Adrian Newey Is “Not Doing Well,” Claims Helmut Marko, as Aston Martin’s Honda Crisis Deepens

Helmut Marko, the former Red Bull Formula One advisor who worked alongside Adrian Newey for nearly two decades, has confirmed that his former colleague is struggling both professionally and personally as Aston Martin’s nightmare 2026 season continues to unfold.



“I had contact with him. He is not doing well,” Marko said, before adding the even more sobering assessment: “With this project, there are problems that will not be solved so quickly.”



The bluntness of that observation reflects just how severe Aston Martin’s situation has become. Neither Fernando Alonso nor Lance Stroll has completed a single Grand Prix across the season’s first two rounds in Melbourne and Shanghai.
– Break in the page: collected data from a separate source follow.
lemma blocks_no_gap_add_gap:
  "blocks (no_gap F) P (ga @ (u + v) # gb) xs
   = blocks (no_gap F) P (ga @ u # gb) xs + blocks (no_gap F) P (ga @ v # gb) xs"
proof (induction xs arbitrary: gb)
  case Nil
  then show ?case by simp
next
  case (Cons x xs)
  then show ?case
    using Cons[of "gb @ [x]"] blocks_no_gap_add_arg[where Pa = P and Pb = "[]"]
    by (simp add: weighted_add_gap)
qed

lemma blocks_no_gap_add_letter:
  "blocks (no_gap F) P g (xa @ (u + v) # xb)
   = blocks (no_gap F) P g (xa @ u # xb) + blocks (no_gap F) P g (xa @ v # xb)"
proof (induction xa arbitrary: P g)
  case Nil
  then show ?case
    using blocks_no_gap_add_arg[where Pa = P and Pb = "[]"] blocks_no_gap_add_gap[where ga = g and gb = "[]"]
    by (simp add: weighted_add)
next
  case (Cons y xa)
  then show ?case using Cons[of "P @ [weighted g y]" "[]"] Cons[of P "g @ [y]"] by simp
qed

end

lemma sum_kappa_tree_eq_mom: "(\<Sum>t\<in>Y (length w). kappa_tree lact \<kappa> t w) = mom w"
  using cumu unfolding is_cumulants_def mom_def by simp

lemma kappa_tree_Node: "kappa_tree lact \<kappa> (Node l r) as = \<kappa> (spine_args lact \<kappa> (Node l r) as)"
  by (simp add: kappa_tree_def)

lemma spine_args_Node:
  "spine_args lact \<kappa> (Node l r) as
   = lact (kappa_tree lact \<kappa> l (take (tsize l) as)) (as ! tsize l) # spine_args lact \<kappa> r (drop (Suc (tsize l)) as)"
  by (simp add: kappa_tree_def)

lemma sum_Y_Suc_spine_args:
  "(\<Sum>t\<in>Y (Suc m). F (spine_args lact \<kappa> t as))
   = (\<Sum>p\<le>m. \<Sum>l\<in>Y p. \<Sum>r\<in>Y (m - p).
        F (lact (kappa_tree lact \<kappa> l (take p as)) (as ! p) # spine_args lact \<kappa> r (drop (Suc p) as)))"
  unfolding sum_Y_Suc by (intro sum.cong refl) (simp add: Y_def spine_args_Node del: spine_args.simps)

definition additive_at :: "nat \<Rightarrow> bool" where
  "additive_at n \<longleftrightarrow> (\<forall>P Q u v. length P + length Q + 1 = n \<longrightarrow>
      \<kappa> (P @ (u + v) # Q) = \<kappa> (P @ u # Q) + \<kappa> (P @ v # Q))"

lemma additive_at_imp_kappa_0:
  assumes "additive_at (length P + length Q + 1)"
  shows "\<kappa> (P @ 0 # Q) = 0"
  using assms unfolding additive_at_def by (metis add.right_neutral add_cancel_right_right)

lemma additive_at_imp_kappa_lact_sum:
  assumes "additive_at (length A + length B + 1)" and "finite S"
  shows "(\<Sum>i\<in>S. \<kappa> (A @ lact (f i) x # B)) = \<kappa> (A @ lact (\<Sum>i\<in>S. f i) x # B)"
  using assms(2)
proof (induction S rule: finite_induct)
  case empty
  then show ?case using additive_at_imp_kappa_0[OF assms(1)] by simp
next
  case (insert i S)
  then show ?case using assms(1) unfolding additive_at_def by (simp add: lact_add_left)
qed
Both cars retired from Australia due to Honda power unit vibrations. Both retired again in China. The team sits last in the constructors’ championship with zero points, while teams built around entirely new power units — including first-timers Red Bull Powertrains and Audi — are at least completing races.



The vibration issue stems from Honda’s MGU-K and internal combustion engine combination, which generates oscillations that the AMR26 chassis amplifies rather than absorbs.



Those vibrations are not only destroying batteries at a rate that far exceeds available spares — F1 regulations limit each car to just two batteries per season — but are being transmitted directly into the drivers’ bodies.



Alonso told reporters in Shanghai: “I began to lose all feeling in my hands and feet around lap 20 or so.” In Melbourne, Newey himself disclosed that Alonso could not complete more than 25 consecutive laps before risking permanent nerve damage. Stroll’s threshold was 15 laps.



Honda has made countermeasures available for the Japanese Grand Prix this weekend at Suzuka — Honda’s spiritual home — having run solutions on the dyno in the time between the Chinese and Japanese rounds.



Honda Racing boss Yuji Orihara acknowledged: “We are not at the level where we wanted to be going into this weekend, but we will keep working hard to maximise our package.” The root cause of the vibration, however, has still not been definitively identified.



Further institutional turbulence has arrived in the form of Jonathan Wheatley’s surprise departure from Audi, where he had become team principal. Wheatley worked alongside Newey at Red Bull for 18 years and is widely expected to serve gardening leave before joining Aston Martin, potentially allowing Newey to step back from team principal duties — which he assumed unexpectedly last year after Andy Cowell’s repositioning — and return to what he does best: designing cars.



The Japanese Grand Prix weekend, beginning Friday in Suzuka, carries enormous emotional weight for Honda as a brand. Losing at home, again, with their car unable to complete racing distance, would be a deeply uncomfortable moment. But the five-week gap in the calendar following Japan — partly a product of Middle East Grand Prix cancellations due to the ongoing Iran conflict — gives both Honda and Aston Martin a rare window to address the problem properly before the season resumes. Whether that is enough time to close the gap to the rest of the field remains a genuinely open question.